lemma pathin_pjoin:
  assumes p: "pathin Z p" and q: "pathin Z q" and e: "p 1 = q 0"
  shows "pathin Z (p #\<^sub>p q)"
  unfolding pathin_def pjoin_def
proof (rule continuous_map_cases_le)
  show "continuous_map (subtopology unitI {x \<in> topspace unitI. x \<le> 1/2}) Z (\<lambda>x. p (2 * x))"
    using p unfolding pathin_def subtopology_subtopology
    by (rule continuous_map_compose_top_of_set) (auto intro!: continuous_intros)
  show "continuous_map (subtopology unitI {x \<in> topspace unitI. 1/2 \<le> x}) Z (\<lambda>x. q (2 * x - 1))"
    using q unfolding pathin_def subtopology_subtopology
    by (rule continuous_map_compose_top_of_set) (auto intro!: continuous_intros)
  show "p (2 * x) = q (2 * x - 1)" if "x \<in> topspace unitI" "x = 1/2" for x
  proof -
    have "2 * x = 1" "2 * x - 1 = 0" using that(2) by simp_all
    then show ?thesis using e by simp
  qed
qed (auto intro!: continuous_intros continuous_map_into_fulltopology[OF continuous_map_id])

lemma pathin_reverse: "pathin Z p \<Longrightarrow> pathin Z (reverse_path p)"
  unfolding pathin_def by (rule continuous_map_compose_top_of_set) (auto intro!: continuous_intros)

lemma homotopic_rel_ends_pjoin:
  assumes hp: "homotopic_rel_ends Z p p'" and hq: "homotopic_rel_ends Z q q'" and e: "p 1 = q 0"
  shows "homotopic_rel_ends Z (p #\<^sub>p q) (p' #\<^sub>p q')"
proof -
  obtain h where h: "continuous_map (top_of_set unit_square) Z h"
    "\<forall>x\<in>{0..1}. h (0, x) = p x" "\<forall>x\<in>{0..1}. h (1, x) = p' x"
    "\<forall>t\<in>{0..1}. h (t, 0) = p 0 \<and> h (t, 1) = p 1"
    using hp unfolding homotopic_rel_ends_iff by blast
  obtain k where k: "continuous_map (top_of_set unit_square) Z k"
    "\<forall>x\<in>{0..1}. k (0, x) = q x" "\<forall>x\<in>{0..1}. k (1, x) = q' x"
    "\<forall>t\<in>{0..1}. k (t, 0) = q 0 \<and> k (t, 1) = q 1"
    using hq unfolding homotopic_rel_ends_iff by blast
  define H where "H = (\<lambda>y. if snd y \<le> 1/2 then h (fst y, 2 * snd y) else k (fst y, 2 * snd y - 1))"
  have "continuous_map (top_of_set unit_square) Z H"
    unfolding H_def by (rule continuous_map_square_stack[OF h(1) k(1)]) (use h(4) k(4) e in auto)
  then show ?thesis
    unfolding homotopic_rel_ends_iff
    by (intro exI[of _ H] conjI ballI) (use h k in \<open>auto simp: pjoin_def H_def\<close>)
qed

lemma homotopic_rel_ends_pjoin_const:
  assumes p: "pathin Z p" and e: "\<And>x. x \<in> {0..1} \<Longrightarrow> e x = p 1"
  shows "homotopic_rel_ends Z (p #\<^sub>p e) p"
proof (rule homotopic_rel_ends_reparam[OF p, where a="\<lambda>x. min (2 * x) 1" and b="\<lambda>x. x"])
  show "(p #\<^sub>p e) x = p (min (2 * x) 1)" if "x \<in> {0..1}" for x
    using that e[of "2 * x - 1"] by (auto simp: pjoin_def)
qed (auto intro!: continuous_intros)

lemma homotopic_rel_ends_const_pjoin:
  assumes p: "pathin Z p" and e: "\<And>x. x \<in> {0..1} \<Longrightarrow> e x = p 0"
  shows "homotopic_rel_ends Z (e #\<^sub>p p) p"
proof (rule homotopic_rel_ends_reparam[OF p, where a="\<lambda>x. max 0 (2 * x - 1)" and b="\<lambda>x. x"])
  show "(e #\<^sub>p p) x = p (max 0 (2 * x - 1))" if "x \<in> {0..1}" for x
    using that e[of "2 * x"] by (auto simp: pjoin_def)
qed (auto intro!: continuous_intros)

lemma homotopic_rel_ends_pjoin_assoc:
  assumes a: "pathin Z a" and b: "pathin Z b" and c: "pathin Z c"
    and ab: "a 1 = b 0" and bc: "b 1 = c 0"
  shows "homotopic_rel_ends Z (a #\<^sub>p (b #\<^sub>p c)) ((a #\<^sub>p b) #\<^sub>p c)"
proof (rule homotopic_rel_ends_reparam[where r="(a #\<^sub>p b) #\<^sub>p c"
      and a="\<lambda>x. max (max (x / 2) (x - 1/4)) (2 * x - 1)" and b="\<lambda>x. x"])
  show "pathin Z ((a #\<^sub>p b) #\<^sub>p c)"
    using a b c ab bc by (intro pathin_pjoin) auto
  show "(a #\<^sub>p (b #\<^sub>p c)) x = ((a #\<^sub>p b) #\<^sub>p c) (max (max (x / 2) (x - 1/4)) (2 * x - 1))"
    if "x \<in> {0..1}" for x :: real
  proof -
    consider "x \<le> 1/2" | "1/2 < x" "x \<le> 3/4" | "3/4 < x" by linarith
    then show ?thesis
    proof cases
      case 1
      then have "max (max (x / 2) (x - 1/4)) (2 * x - 1) = x / 2" by auto
      with 1 show ?thesis by (simp add: pjoin_def)
    next
      case 2
      then have "max (max (x / 2) (x - 1/4)) (2 * x - 1) = x - 1/4" by auto
      moreover have "2 * (2 * (x - 1/4)) - 1 = 2 * (2 * x - 1)" by algebra
      ultimately show ?thesis using 2 by (simp add: pjoin_def)
    next
      case 3
      then have "max (max (x / 2) (x - 1/4)) (2 * x - 1) = 2 * x - 1" by auto
      with 3 show ?thesis by (simp add: pjoin_def)
    qed
  qed
qed (auto intro!: continuous_intros)
lemma cov_family_card_of_ge:
  assumes cov: "cov_family A \<rho> \<rho> \<rho>' Z"
    and \<rho>: "Card_order \<rho>" "infinite (Field \<rho>)" "\<rho> <o |A|"
  shows "|A| \<le>o |Z|"
proof (rule ccontr)
  assume "\<not> |A| \<le>o |Z|"
  then have Z_small: "|Z| <o |A|"
    by (simp add: not_ordLeq_iff_ordLess card_of_Well_order)
  have "A \<subseteq> \<Union>Z"
  proof
    fix \<alpha> assume "\<alpha> \<in> A"
    moreover have "|{\<alpha>}| <o \<rho>"
      by (rule finite_ordLess_infinite[OF card_of_Well_order card_order_on_well_order_on[OF \<rho>(1)]])
        (simp_all add: Field_card_of \<rho>(2))
    ultimately have "{\<alpha>} \<in> P_lt A \<rho>" unfolding P_lt_def by simp
    then show "\<alpha> \<in> \<Union>Z" using cov unfolding cov_family_def by blast
  qed
  moreover have "|\<Union>Z| <o |A|"
  proof (rule card_of_Union_ordLess)
    show "|Field \<rho>| <o |A|" using card_of_Field_ordIso[OF \<rho>(1)] \<rho>(3) by (rule ordIso_ordLess_trans)
    show "\<forall>z\<in>Z. |z| \<le>o |Field \<rho>|"
    proof
      fix z assume "z \<in> Z"
      then have "|z| <o \<rho>" using cov unfolding cov_family_def P_lt_def by blast
      then show "|z| \<le>o |Field \<rho>|"
        using card_of_Field_ordIso[OF \<rho>(1)] ordIso_symmetric ordLess_ordIso_trans ordLess_imp_ordLeq
        by blast
    qed
  qed (use \<rho>(2) Z_small in auto)
  ultimately show False
    using card_of_mono1[of A "\<Union>Z"] not_ordLess_ordLeq by blast
qed
(*
  Let G be a graph on N vertices with no independent k-set, no 9-clique and maximum degree
  below t, and colour a triple blue iff it spans no edge of G.  The hedgehog H* has one spike on
  every pair of k body vertices and 2t further spikes on every pair of nine of them.  A blue copy
  of H* would place its k body vertices on an independent set of G.  In a red copy the nine
  special body vertices span a non-edge ab, so each of the 2t spikes on ab is adjacent in G to
  a or b, contradicting the degree bound.  By the union bound the random graph with edge
  probability 1/q has these properties for k ~ sqrt n / 2, q ~ sqrt n / (20 log n), t ~ n / 400
  and N ~ n^(3/2) / log n, while H* needs only k + k^2 + 162 t <= n vertices; further isolated
  body vertices pad it to exactly n.
*)

section \<open>Sparse Ramsey graphs by the union bound\<close>

lemma card_PiE_constrained:
  assumes "finite P" "Q \<subseteq> P" "R \<subseteq> D"
  shows "card {c \<in> PiE P (\<lambda>_. D). \<forall>e\<in>Q. c e \<in> R} = card R ^ card Q * card D ^ (card P - card Q)"
proof -
  have "{c \<in> PiE P (\<lambda>_. D). \<forall>e\<in>Q. c e \<in> R} = PiE P (\<lambda>e. if e \<in> Q then R else D)"
    using assms by (auto simp: PiE_def Pi_def split: if_split_asm)
  also have "card \<dots> = (\<Prod>e\<in>P. if e \<in> Q then card R else card D)"
    using assms(1) by (simp add: card_PiE if_distrib cong: prod.cong)
  also have "\<dots> = card R ^ card Q * card D ^ card (P - Q)"
    using assms(1,2) by (simp add: prod.If_cases Int_absorb1 Diff_eq)
  finally show ?thesis
    using assms(1,2) by (simp add: card_Diff_subset finite_subset)
qed
lemma mean_correlation_cylinder:
  assumes "weakly_mixing \<mu>" and "finite P"
  shows "(\<lambda>N. (\<Sum>n<N. \<bar>measure \<mu> (cylinder (P \<union> (+) n ` P) \<inter> X)
            - measure \<mu> (cylinder P \<inter> X) ^ 2\<bar>) / real N) \<longlonglongrightarrow> 0"
proof -
  have correlation_set: "(shift ^^ n) -` (cylinder P \<inter> X) \<inter> space \<mu> \<inter> (cylinder P \<inter> X)
          = cylinder (P \<union> (+) n ` P) \<inter> X" for n
    using funpow_shift_in_space vimage_funpow_shift_cylinder_Int[of n P]
    by (auto simp: space_invariant_measure)
  have "(\<lambda>N. (\<Sum>n<N. \<bar>measure \<mu> ((shift ^^ n) -` (cylinder P \<inter> X) \<inter> space \<mu> \<inter> (cylinder P \<inter> X))
          - measure \<mu> (cylinder P \<inter> X) * measure \<mu> (cylinder P \<inter> X)\<bar>) / real N) \<longlonglongrightarrow> 0"
    using assms cylinder_Int_sets unfolding weakly_mixing_def by blast
  then show ?thesis
    unfolding correlation_set power2_eq_square .
qed

lemma return_with_positive_overlap:
  assumes "weakly_mixing \<mu>" and "finite P" and pos: "measure \<mu> (cylinder P \<inter> X) > 0"
  shows "\<exists>m. (shift ^^ m) \<xi> \<in> cylinder P \<and>
           measure \<mu> (cylinder (P \<union> (+) (Suc m) ` P) \<inter> X) > 0"
proof -
  let ?\<beta> = "measure \<mu> (cylinder P \<inter> X)"
  obtain m where "indicator (cylinder P) ((shift ^^ m) \<xi>) \<noteq> (0 :: real)"
    and "\<bar>measure \<mu> (cylinder (P \<union> (+) (Suc m) ` P) \<inter> X) - ?\<beta> ^ 2\<bar> < ?\<beta> ^ 2"
    by (rule Cesaro_mean_positive_meets_small[OF _ _ mean_visits_cylinder[OF \<open>finite P\<close>] pos
          mean_correlation_cylinder[OF assms(1,2)], where \<epsilon> = "?\<beta> ^ 2", elim_format])
      (use pos in \<open>auto simp: indicator_def\<close>)
  then show ?thesis
    by (auto simp: indicator_def abs_less_iff split: if_splits)
qed

end

theorem mainTheorem7:
  fixes S :: "nat set"
  assumes "S \<subseteq> {1..}" and "WM_set S"
  shows "\<exists>p :: nat \<Rightarrow> nat. (\<forall>i. p i \<ge> 1) \<and>
           (\<forall>F. finite F \<and> F \<noteq> {} \<longrightarrow> (\<Sum>i\<in>F. p i) \<in> S)"
proof -
  define X where "X = orbit_closure (indic_seq S)"
  obtain \<mu> d where inv: "invariant_borel_prob X \<mu>" and gen: "generic_point X \<mu> (indic_seq S)"
    and wm: "weakly_mixing \<mu>" and "d > 0" and dens: "has_density S d"
    using assms(2) unfolding WM_set_def X_def by blast
  define G where "G P \<longleftrightarrow> finite P \<and> measure \<mu> (cylinder P \<inter> X) > 0" for P
  have "measure \<mu> (cylinder {0} \<inter> X) = d"
    using LIMSEQ_unique[OF mean_visits_cylinder[OF inv gen, of "{0}"]] dens
    by (simp add: sum_indicator_cylinder_0_indic_seq has_density_def)
  with \<open>d > 0\<close> have "G {0}"
    by (simp add: G_def)
  moreover have "\<exists>q\<ge>1. (\<forall>s\<in>P. q + s \<in> S) \<and> G (P \<union> (+) q ` P)" if "G P" for P
  proof -
    obtain m where "(shift ^^ m) (indic_seq S) \<in> cylinder P"
      and "measure \<mu> (cylinder (P \<union> (+) (Suc m) ` P) \<inter> X) > 0"
      using return_with_positive_overlap[OF inv gen wm] \<open>G P\<close> by (auto simp: G_def)
    with \<open>G P\<close> show ?thesis
      by (intro exI[of _ "Suc m"]) (auto simp: G_def cylinder_def funpow_shift_apply indic_seq_def)
  qed
  ultimately show ?thesis
    by (rule IP_set_from_extension_step)
qed

end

──────

WORK TASK -
The lines from the beginning of the records through the line containing "using p unfolding" should be reproduced exactly. Include nothing else.

RESULT FOR THIS TASK -
lemma pathin_pjoin:
  assumes p: "pathin Z p" and q: "pathin Z q" and e: "p 1 = q 0"
  shows "pathin Z (p #\<^sub>p q)"
  unfolding pathin_def pjoin_def
proof (rule continuous_map_cases_le)
  show "continuous_map (subtopology unitI {x \<in> topspace unitI. x \<le> 1/2}) Z (\<lambda>x. p (2 * x))"
    using p unfolding pathin_def subtopology_subtopology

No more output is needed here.